▶ EXERCISE PROMPT:
Please copy each line below that contains the string "then".

▶ TASK MATERIAL:
****************

lemma tmap_comult_eq_iff_star_conj:
  assumes "clinear f"
  shows "(\<forall>x. tmap f id (\<Delta> x) = tmult mul (tens one x) (\<Delta> one))
     \<longleftrightarrow> (\<forall>x. tmap (\<lambda>y. st (f (st y))) id (\<Delta> x) = tmult mul (\<Delta> one) (tens one x))"
proof -
  have conj: "tmap (\<lambda>y. st (g (st y))) id (\<Delta> x) = tstar st U"
    if "clinear g" "tmap g id (\<Delta> (st x)) = U" for g x U
    using tstar_tmap_comult[OF that(1), of x] that(2) by simp
  show ?thesis
  proof (intro iffI allI)
    fix x
    assume "\<forall>x. tmap f id (\<Delta> x) = tmult mul (tens one x) (\<Delta> one)"
    then show "tmap (\<lambda>y. st (f (st y))) id (\<Delta> x) = tmult mul (\<Delta> one) (tens one x)"
      using conj[OF assms] by (simp add: tstar_tmult tstar_tens_star tstar_comult_one)
  next
    fix x
    assume "\<forall>x. tmap (\<lambda>y. st (f (st y))) id (\<Delta> x) = tmult mul (\<Delta> one) (tens one x)"
    then show "tmap f id (\<Delta> x) = tmult mul (tens one x) (\<Delta> one)"
      using conj[OF clinear_star_conj[OF assms]] by (simp add: tstar_tmult tstar_tens_star tstar_comult_one)
  qed
qed

lemma id_fun_id_comult_one_eq_tmap:
  "id_fun_id \<epsilon> (tmult3 mul (tens21 (\<Delta> one) one) (tens12 one (\<Delta> x)))
     = tmap slice_e_mult_right id (\<Delta> x)"
  unfolding slice_e_mult_right_def
  by (rule id_fun_id_tmult3_eq_tmap_left[OF cfunctional_counit])

lemma eq_slice_e_mult_left_if_tmap_comult:
  assumes "clinear f" "tmap f id (\<Delta> x) = tmult mul (tens one x) (\<Delta> one)"
  shows "f x = slice_e_mult_left x"
proof -
  have "f x = f (id_fun \<epsilon> (\<Delta> x))" by (simp add: counit_right)
  also have "\<dots> = id_fun \<epsilon> (tmap f id (\<Delta> x))"
    by (rule id_fun_tmap_left[OF cfunctional_counit assms(1), symmetric])
  finally show ?thesis
    by (simp add: assms(2) slice_e_mult_left_def)
qed

lemma counit_counit_condition_if_slice_condition:
  assumes "fun_id \<epsilon> (tmult mul (tmult mul (tens x one) (\<Delta> one)) (tens one y))
         = fun_id \<epsilon> (tmult mul (tens x one) (\<Delta> y))"
  shows "fun_fun \<epsilon> \<epsilon> (tmult mul (tmult mul (tens x one) (\<Delta> one)) (tens one y)) = \<epsilon> (mul x y)"
proof -
  have "fun_fun \<epsilon> \<epsilon> (tmult mul (tmult mul (tens x one) (\<Delta> one)) (tens one y))
      = fun_fun \<epsilon> \<epsilon> (tmult mul (tens x one) (\<Delta> y))"
    by (simp add: fun_fun_eq_fun_id[OF cfunctional_counit] assms)
  also have "\<dots> = \<epsilon> (mul x y)"
    by (simp add: fun_fun_eq_id_fun[OF cfunctional_counit]
        id_fun_tmult_tens_one_left[OF cfunctional_counit] counit_right)
  finally show ?thesis .
qed
theorem mainTheorem10:
  fixes n :: nat and W :: "int mat"
  assumes W_dim: "W \<in> carrier_mat n n"
    and W_inv: "det W \<noteq> 0"
    and W_gcd: "Gcd {W $$ (i,j) | i j. i < n \<and> j < n} = 1"
  defines "s \<equiv> Gcd {adj_mat W $$ (i,j) | i j. i < n \<and> j < n}"
    and "v \<equiv> vec n (\<lambda>j. \<Sum>i<n. adj_mat W $$ (i,j))"
    and "q0 \<equiv> \<bar>det (W_hat W)\<bar>"
    and "\<delta> \<equiv> rat_of_int \<bar>det W\<bar> /
        rat_of_int (Gcd {adj_mat W $$ (i,j) | i j. i < n \<and> j < n})"
  shows "(P_admissible n W \<longleftrightarrow>
            (\<forall>j<n. \<exists>k::int. rat_of_int (v $ j) = q0 * rat_of_int s * rat_of_int k))
       \<and> ((\<forall>j<n. \<exists>k::int. rat_of_int (v $ j) = q0 * rat_of_int s * rat_of_int k) \<longleftrightarrow>
            ((\<exists>k::int. \<delta> = q0 * rat_of_int k) \<and>
             (\<exists>c::int vec. c \<in> carrier_vec n \<and>
                map_vec rat_of_int (transpose_mat W *\<^sub>v c) = vec n (\<lambda>_. \<delta> / q0))))"
proof -
  have "n > 0" using W_gcd by (cases n) auto
  interpret nonsingular_int_mat n W by unfold_locales (use W_dim W_inv \<open>n > 0\<close> in auto)
  have q0: "q0 = rat_of_int hat_det" unfolding q0_def by (rule abs_det_W_hat)
  have \<delta>: "\<delta> = rat_of_int delta"
    using adj_gcd_mult_delta adj_gcd_pos unfolding \<delta>_def adj_gcd_def[symmetric]
    by (simp add: field_simps flip: of_int_mult)
  have b: "(\<forall>j<n. \<exists>k::int. rat_of_int (v $ j) = q0 * rat_of_int s * rat_of_int k) \<longleftrightarrow>
      (\<forall>j<n. hat_det * adj_gcd dvd adj_col_sums $ j)"
    unfolding q0 s_def v_def adj_gcd_def[symmetric] adj_col_sums_def[symmetric]
    by (simp flip: of_int_multiple_iff_dvd)
  have "\<delta> / q0 = rat_of_int (delta div hat_det)" if "hat_det dvd delta"
    using that hat_det_pos unfolding \<delta> q0 by auto
  then have c: "((\<exists>k::int. \<delta> = q0 * rat_of_int k) \<and>
      (\<exists>c::int vec. c \<in> carrier_vec n \<and>
         map_vec rat_of_int (transpose_mat W *\<^sub>v c) = vec n (\<lambda>_. \<delta> / q0))) \<longleftrightarrow>
      hat_det dvd delta \<and>
      (\<exists>c \<in> carrier_vec n. transpose_mat W *\<^sub>v c = vec n (\<lambda>_. delta div hat_det))"
    using W_dim unfolding \<delta> q0 of_int_multiple_iff_dvd
    by (auto simp: map_vec_of_int_eq_const_iff[of _ n])
  show ?thesis
    unfolding b c col_sums_dvd_iff_lattice[symmetric] P_admissible_iff_col_sums_dvd[OF W_gcd] by simp
qed

end
lemma divided_difference_add:
  "divided_difference S (\<lambda>t. f t + g t) = divided_difference S f + divided_difference S g"
  unfolding divided_difference_def by (simp add: sum.distrib distrib_right)

lemma divided_difference_cmult:
  "divided_difference S (\<lambda>t. c * f t) = c * divided_difference S f"
  unfolding divided_difference_def by (simp add: sum_distrib_left mult.assoc)

lemma divided_difference_singleton: "divided_difference {a} f = f (real a)"
  unfolding divided_difference_def lagrange_weight_def by simp

lemma divided_difference_linear_factor:
  assumes "finite S" "c \<in> S"
  shows "divided_difference S (\<lambda>t. (t - real c) * f t) = divided_difference (S - {c}) f"
proof -
  have "divided_difference S (\<lambda>t. (t - real c) * f t)
      = (\<Sum>a\<in>S - {c}. (real a - real c) * f (real a) * lagrange_weight S a)"
    unfolding divided_difference_def using assms by (simp add: sum.remove)
  also have "\<dots> = (\<Sum>a\<in>S - {c}. f (real a) * lagrange_weight (S - {c}) a)"
  proof (rule sum.cong)
    fix a assume a: "a \<in> S - {c}"
    have "S - {a} = insert c (S - {c} - {a})" using a assms by auto
    then have "(\<Prod>b\<in>S - {a}. real a - real b)
        = (real a - real c) * (\<Prod>b\<in>S - {c} - {a}. real a - real b)"
      using assms by simp
    then show "(real a - real c) * f (real a) * lagrange_weight S a
        = f (real a) * lagrange_weight (S - {c}) a"
      using a unfolding lagrange_weight_def by simp
  qed simp
  finally show ?thesis unfolding divided_difference_def .
qed

lemma divided_difference_const_one:
  assumes "finite S" "2 \<le> card S"
  shows "divided_difference S (\<lambda>_. 1) = 0"
  using assms
proof (induction "card S" arbitrary: S rule: less_induct)
  case less
  obtain c d where cd: "c \<in> S" "d \<in> S" "c \<noteq> d"
    using less.prems card_le_Suc0_iff_eq[of S] by auto
  have "divided_difference (S - {c}) (\<lambda>_. 1) = divided_difference (S - {d}) (\<lambda>_. 1)"
  proof (cases "card S = 2")
    case True
    then have "S = {c, d}" using cd less.prems by (intro card_subset_eq [symmetric]) auto
    then show ?thesis using cd by (simp add: insert_Diff_if divided_difference_singleton)
  next
    case False
    then show ?thesis using less cd by (simp add: less.hyps)
  qed
  moreover have "(real d - real c) * divided_difference S (\<lambda>_. 1)
      = divided_difference S (\<lambda>t. (t - real c) * 1) - divided_difference S (\<lambda>t. (t - real d) * 1)"
    by (simp add: divided_difference_diff [symmetric] divided_difference_cmult [symmetric]
        algebra_simps)
  ultimately show ?case
    using cd less.prems
    by (simp add: divided_difference_linear_factor del: mult_1_right)
qed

****************

▶ WORKED SOLUTION:
    then show "tmap (\<lambda>y. st (f (st y))) id (\<Delta> x) = tmult mul (\<Delta> one) (tens one x)"
    then show "tmap f id (\<Delta> x) = tmult mul (tens one x) (\<Delta> one)"
  then have c: "((\<exists>k::int. \<delta> = q0 * rat_of_int k) \<and>
    then have "(\<Prod>b\<in>S - {a}. real a - real b)
    then show "(real a - real c) * f (real a) * lagrange_weight S a
    then have "S = {c, d}" using cd less.prems by (intro card_subset_eq [symmetric]) auto
    then show ?thesis using cd by (simp add: insert_Diff_if divided_difference_singleton)
    then show ?thesis using less cd by (simp add: less.hyps)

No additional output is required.